En el baile de máscaras, entre el torbellino de sedas y encajes, nuestros pasos se entrelazaron al ritmo del «Vals de los secretos». Bajo el resplandor de las velas, sus ojos, escondidos tras un antifaz dorado, brillaban con una intriga irresistible.
El vals fluía, llevándonos a un mundo donde solo existíamos nosotros dos. Nuestras palabras, susurradas como promesas, se convertían en ecos que bailaban en la noche. Cada giro, un secreto compartido; cada nota, una emoción confesada.
Pero el tiempo se nos escapaba como arena entre los dedos. Con el último acorde, él desapareció entre la multitud, dejando solo el recuerdo de nuestro baile y la promesa de volver a encontrarnos.
Los días se convirtieron en noches, y las noches en anhelo. Busqué en cada rostro, esperando un destello de reconocimiento, pero él se había desvanecido como el humo en el aire. Hasta que una noche, volví a escuchar las notas familiares del «Vals de los secretos» en un salón abarrotado.

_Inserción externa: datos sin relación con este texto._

lemma good_window_step_two:
  assumes k2: "k \<ge> 2" and xk: "x + k \<le> length w"
    and j: "j1 < j2" "j2 < k" "completable k w (Suc x + j1)" "completable k w (Suc x + j2)"
  shows "good_window k w x \<or> b_anchor k w x"
proof (cases "Suc j2 < k")
  case True
  then show ?thesis unfolding good_window_def using j
    by (intro disjI1 exI[of _ "Suc j1"] exI[of _ "Suc j2"]) simp
next
  case False
  then have "Suc x + j2 = x + k" using j(2) by simp
  then have c_end: "completable k w (x + k)" using j(4) by metis
  show ?thesis
  proof (cases "completable k w x")
    case True
    then show ?thesis unfolding good_window_def using j
      by (intro disjI1 disjI1 exI[of _ 0] exI[of _ "Suc j1"]) simp
  next
    case nx: False
    have wx: "w ! x = Lb" using blocked_long_step_Lb[OF k2 xk nx c_end] .
    show ?thesis
    proof (cases "Suc j1 \<le> k - 2")
      case True
      then show ?thesis unfolding good_window_def using j wx
        by (intro disjI1 disjI2 exI[of _ "Suc j1"] exI[of _ 0]) simp
    next
      case False
      then have "x + k - 1 = Suc x + j1" using j(1,2) by simp
      then have "completable k w (x + k - 1)" using j(3) by simp
      then show ?thesis using blocked_short_step_anchor[OF k2 xk nx _, of 0] wx k2 by simp
    qed
  qed
qed

lemma good_window_step_after_b:
  assumes k2: "k \<ge> 2" and xk: "x + k \<le> length w"
    and j: "1 \<le> j" "j \<le> k - 2" "l < j" "completable k w (Suc x + j)" "w ! (Suc x + l) = Lb"
  shows "good_window k w x \<or> b_anchor k w x"
proof (cases "Suc j \<le> k - 2")
  case True
  then show ?thesis unfolding good_window_def using j
    by (intro disjI1 disjI2 exI[of _ "Suc j"] exI[of _ "Suc l"]) simp
next
  case False
  then have "x + k - 1 = Suc x + j" using j(2) k2 by simp
  then have c: "completable k w (x + k - 1)" using j(4) by simp
  show ?thesis
  proof (cases "completable k w x")
    case True
    then show ?thesis unfolding good_window_def using c k2
      by (intro disjI1 disjI1 exI[of _ 0] exI[of _ "k - 1"]) simp
  next
    case False
    have "Suc l < k - 1" "w ! (x + Suc l) = Lb" using j by simp_all
    then show ?thesis using blocked_short_step_anchor[OF k2 xk False c] by simp
  qed
qed

lemma good_window_step:
  assumes "k \<ge> 2" "x + k \<le> length w" "good_window k w (Suc x)"
  shows "good_window k w x \<or> b_anchor k w x"
  using assms(3) good_window_step_two[OF assms(1,2)] good_window_step_after_b[OF assms(1,2)]
  unfolding good_window_def[of k w "Suc x"] by blast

Mi corazón latió con fuerza mientras me acercaba al centro de la pista. Allí, bajo las luces tenues, estaba él, con el mismo antifaz dorado. Nuestros ojos se encontraron a través del baile, y todo el mundo desapareció.
En ese instante, supe que nuestros secretos habían sido guardados para este momento, un reencuentro que desafiaba el tiempo y el destino. Y así, al ritmo del «Vals de los secretos», volvimos a bailar, entrelazando nuestros pasos y nuestras almas para siempre.